Records excerpted from a collection
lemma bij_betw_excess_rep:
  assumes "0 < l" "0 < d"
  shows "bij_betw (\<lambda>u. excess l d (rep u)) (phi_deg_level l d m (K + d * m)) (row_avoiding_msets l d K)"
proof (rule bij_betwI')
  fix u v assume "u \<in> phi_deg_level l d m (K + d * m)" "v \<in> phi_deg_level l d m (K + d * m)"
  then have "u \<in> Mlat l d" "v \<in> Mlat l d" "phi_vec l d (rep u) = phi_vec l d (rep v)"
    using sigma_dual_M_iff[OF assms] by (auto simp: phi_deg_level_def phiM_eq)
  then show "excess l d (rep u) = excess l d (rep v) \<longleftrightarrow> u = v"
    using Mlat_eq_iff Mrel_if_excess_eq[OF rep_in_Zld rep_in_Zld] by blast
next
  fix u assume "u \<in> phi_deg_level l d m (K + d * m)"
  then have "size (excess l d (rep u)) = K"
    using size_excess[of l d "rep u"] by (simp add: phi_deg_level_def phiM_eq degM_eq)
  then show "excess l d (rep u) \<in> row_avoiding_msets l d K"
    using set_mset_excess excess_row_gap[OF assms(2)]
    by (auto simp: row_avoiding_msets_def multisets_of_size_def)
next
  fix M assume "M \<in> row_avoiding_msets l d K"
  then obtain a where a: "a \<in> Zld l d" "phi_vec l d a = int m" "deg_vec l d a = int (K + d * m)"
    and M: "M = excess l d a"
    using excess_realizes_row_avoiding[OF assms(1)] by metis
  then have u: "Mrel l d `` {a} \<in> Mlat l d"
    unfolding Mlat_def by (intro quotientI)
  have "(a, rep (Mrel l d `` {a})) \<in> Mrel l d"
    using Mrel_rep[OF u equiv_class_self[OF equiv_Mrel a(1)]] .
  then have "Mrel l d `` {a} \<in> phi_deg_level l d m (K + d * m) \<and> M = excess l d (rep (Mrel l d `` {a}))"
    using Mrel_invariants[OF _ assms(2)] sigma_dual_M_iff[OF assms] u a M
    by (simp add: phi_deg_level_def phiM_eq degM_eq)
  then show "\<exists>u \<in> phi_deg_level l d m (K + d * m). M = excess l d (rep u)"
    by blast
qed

==

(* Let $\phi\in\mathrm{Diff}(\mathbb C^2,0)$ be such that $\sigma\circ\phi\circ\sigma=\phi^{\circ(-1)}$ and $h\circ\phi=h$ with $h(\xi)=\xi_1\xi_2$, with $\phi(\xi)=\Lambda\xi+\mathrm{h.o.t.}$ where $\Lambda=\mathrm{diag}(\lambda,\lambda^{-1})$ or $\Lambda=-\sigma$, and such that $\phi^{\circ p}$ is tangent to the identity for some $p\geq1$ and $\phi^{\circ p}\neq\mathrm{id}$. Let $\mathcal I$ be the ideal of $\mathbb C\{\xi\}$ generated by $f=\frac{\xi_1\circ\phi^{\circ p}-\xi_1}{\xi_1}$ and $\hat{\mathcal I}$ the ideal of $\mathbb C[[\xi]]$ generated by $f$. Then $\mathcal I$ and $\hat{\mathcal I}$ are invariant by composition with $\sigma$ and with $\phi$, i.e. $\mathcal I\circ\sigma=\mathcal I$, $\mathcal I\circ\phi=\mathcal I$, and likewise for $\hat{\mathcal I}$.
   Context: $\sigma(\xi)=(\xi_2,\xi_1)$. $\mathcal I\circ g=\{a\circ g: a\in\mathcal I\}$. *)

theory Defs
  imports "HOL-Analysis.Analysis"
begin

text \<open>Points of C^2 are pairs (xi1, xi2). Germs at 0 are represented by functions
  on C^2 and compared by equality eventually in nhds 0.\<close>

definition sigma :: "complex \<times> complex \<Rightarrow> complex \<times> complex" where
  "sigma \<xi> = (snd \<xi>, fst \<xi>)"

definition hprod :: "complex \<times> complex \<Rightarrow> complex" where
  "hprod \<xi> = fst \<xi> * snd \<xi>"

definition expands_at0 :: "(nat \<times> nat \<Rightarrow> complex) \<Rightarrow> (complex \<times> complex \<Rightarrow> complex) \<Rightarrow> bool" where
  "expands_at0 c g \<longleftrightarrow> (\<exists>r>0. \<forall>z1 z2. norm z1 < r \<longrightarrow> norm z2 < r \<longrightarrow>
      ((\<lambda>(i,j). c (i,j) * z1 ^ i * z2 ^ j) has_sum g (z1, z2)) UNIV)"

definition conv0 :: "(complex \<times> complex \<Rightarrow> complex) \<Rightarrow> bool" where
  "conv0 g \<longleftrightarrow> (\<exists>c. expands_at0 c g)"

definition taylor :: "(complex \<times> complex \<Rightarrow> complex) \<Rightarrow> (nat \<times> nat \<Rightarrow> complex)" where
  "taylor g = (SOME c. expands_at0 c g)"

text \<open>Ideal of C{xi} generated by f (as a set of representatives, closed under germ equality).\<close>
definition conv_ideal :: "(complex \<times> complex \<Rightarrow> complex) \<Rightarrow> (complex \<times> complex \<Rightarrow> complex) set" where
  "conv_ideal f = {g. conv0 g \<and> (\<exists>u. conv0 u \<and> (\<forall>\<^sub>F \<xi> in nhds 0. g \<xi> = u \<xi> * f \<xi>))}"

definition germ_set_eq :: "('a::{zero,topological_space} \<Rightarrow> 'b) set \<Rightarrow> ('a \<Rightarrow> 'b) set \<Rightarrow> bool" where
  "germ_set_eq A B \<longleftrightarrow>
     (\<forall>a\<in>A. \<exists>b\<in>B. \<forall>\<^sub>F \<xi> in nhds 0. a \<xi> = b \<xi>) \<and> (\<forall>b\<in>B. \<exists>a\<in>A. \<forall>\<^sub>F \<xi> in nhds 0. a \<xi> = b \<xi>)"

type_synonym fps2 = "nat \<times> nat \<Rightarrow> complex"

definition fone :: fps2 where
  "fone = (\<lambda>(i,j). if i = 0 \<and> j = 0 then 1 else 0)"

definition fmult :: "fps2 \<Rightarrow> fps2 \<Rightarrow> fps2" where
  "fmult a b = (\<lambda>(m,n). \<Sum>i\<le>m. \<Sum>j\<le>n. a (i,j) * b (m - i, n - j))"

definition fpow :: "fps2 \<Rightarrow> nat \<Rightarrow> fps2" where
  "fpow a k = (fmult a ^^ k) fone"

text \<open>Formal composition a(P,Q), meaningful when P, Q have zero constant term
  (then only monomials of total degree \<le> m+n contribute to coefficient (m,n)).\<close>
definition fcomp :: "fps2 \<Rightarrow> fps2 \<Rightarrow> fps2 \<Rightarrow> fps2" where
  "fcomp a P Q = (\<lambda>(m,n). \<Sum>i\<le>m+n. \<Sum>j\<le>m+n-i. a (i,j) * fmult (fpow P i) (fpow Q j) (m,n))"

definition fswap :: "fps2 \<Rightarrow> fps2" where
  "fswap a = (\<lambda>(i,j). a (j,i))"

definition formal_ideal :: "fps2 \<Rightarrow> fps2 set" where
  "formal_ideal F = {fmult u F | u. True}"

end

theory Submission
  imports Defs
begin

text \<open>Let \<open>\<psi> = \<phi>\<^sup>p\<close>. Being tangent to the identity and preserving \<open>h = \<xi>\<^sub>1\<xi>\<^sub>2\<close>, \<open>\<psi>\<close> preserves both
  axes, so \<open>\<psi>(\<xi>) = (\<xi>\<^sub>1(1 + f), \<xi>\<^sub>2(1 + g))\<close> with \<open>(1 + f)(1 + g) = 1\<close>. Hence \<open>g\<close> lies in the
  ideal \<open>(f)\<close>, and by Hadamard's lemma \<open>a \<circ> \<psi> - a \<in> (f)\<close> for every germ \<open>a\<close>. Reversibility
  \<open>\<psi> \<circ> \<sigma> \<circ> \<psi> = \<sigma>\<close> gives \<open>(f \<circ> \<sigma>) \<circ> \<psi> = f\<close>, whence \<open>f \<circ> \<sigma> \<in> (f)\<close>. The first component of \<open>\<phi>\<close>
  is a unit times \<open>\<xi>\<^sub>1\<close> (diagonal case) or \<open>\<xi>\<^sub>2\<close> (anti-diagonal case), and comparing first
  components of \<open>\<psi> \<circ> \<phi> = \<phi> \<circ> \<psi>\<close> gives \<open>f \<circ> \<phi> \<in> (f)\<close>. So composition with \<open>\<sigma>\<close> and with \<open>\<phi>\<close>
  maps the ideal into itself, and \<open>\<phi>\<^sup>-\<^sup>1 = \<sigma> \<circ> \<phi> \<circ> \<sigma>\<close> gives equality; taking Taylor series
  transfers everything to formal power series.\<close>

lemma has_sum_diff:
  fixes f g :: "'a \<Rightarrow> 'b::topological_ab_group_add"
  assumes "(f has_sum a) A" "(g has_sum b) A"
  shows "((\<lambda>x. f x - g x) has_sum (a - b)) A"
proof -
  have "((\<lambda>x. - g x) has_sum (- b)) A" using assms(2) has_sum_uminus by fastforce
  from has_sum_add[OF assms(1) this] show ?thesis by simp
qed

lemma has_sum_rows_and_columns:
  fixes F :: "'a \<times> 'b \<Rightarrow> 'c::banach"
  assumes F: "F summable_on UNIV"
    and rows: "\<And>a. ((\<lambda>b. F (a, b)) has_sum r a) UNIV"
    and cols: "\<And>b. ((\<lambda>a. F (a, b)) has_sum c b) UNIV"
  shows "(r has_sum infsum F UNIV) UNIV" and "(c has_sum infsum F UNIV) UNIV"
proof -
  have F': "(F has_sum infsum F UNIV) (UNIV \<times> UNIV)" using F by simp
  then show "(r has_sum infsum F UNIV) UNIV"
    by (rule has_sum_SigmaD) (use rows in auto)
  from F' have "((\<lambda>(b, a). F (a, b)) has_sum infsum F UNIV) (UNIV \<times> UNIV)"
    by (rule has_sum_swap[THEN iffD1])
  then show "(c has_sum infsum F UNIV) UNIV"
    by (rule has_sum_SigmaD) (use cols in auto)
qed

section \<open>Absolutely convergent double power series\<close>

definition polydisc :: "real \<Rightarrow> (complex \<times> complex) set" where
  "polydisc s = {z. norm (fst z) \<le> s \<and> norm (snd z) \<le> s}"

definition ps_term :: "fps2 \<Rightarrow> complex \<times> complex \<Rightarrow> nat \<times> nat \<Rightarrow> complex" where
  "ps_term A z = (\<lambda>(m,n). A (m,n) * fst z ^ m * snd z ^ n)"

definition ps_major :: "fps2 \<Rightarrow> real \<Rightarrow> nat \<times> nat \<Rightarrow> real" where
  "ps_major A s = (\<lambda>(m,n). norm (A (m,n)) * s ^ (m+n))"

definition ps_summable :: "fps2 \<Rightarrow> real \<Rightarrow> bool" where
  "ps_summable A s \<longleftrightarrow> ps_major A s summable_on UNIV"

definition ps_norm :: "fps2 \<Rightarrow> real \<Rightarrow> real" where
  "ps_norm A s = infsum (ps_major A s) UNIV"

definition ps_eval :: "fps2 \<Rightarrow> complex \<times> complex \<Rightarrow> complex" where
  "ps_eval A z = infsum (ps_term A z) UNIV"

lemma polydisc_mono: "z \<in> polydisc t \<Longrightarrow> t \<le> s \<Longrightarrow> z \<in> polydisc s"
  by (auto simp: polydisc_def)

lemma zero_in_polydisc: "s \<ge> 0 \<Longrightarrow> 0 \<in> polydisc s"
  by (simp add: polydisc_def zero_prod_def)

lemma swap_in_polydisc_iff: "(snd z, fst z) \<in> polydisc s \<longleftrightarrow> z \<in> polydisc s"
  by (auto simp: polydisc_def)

[TASK BRIEF] Going through the data, tally the lines containing "hprod" and report only the result.

[OUTPUT OF THE EXERCISE] 2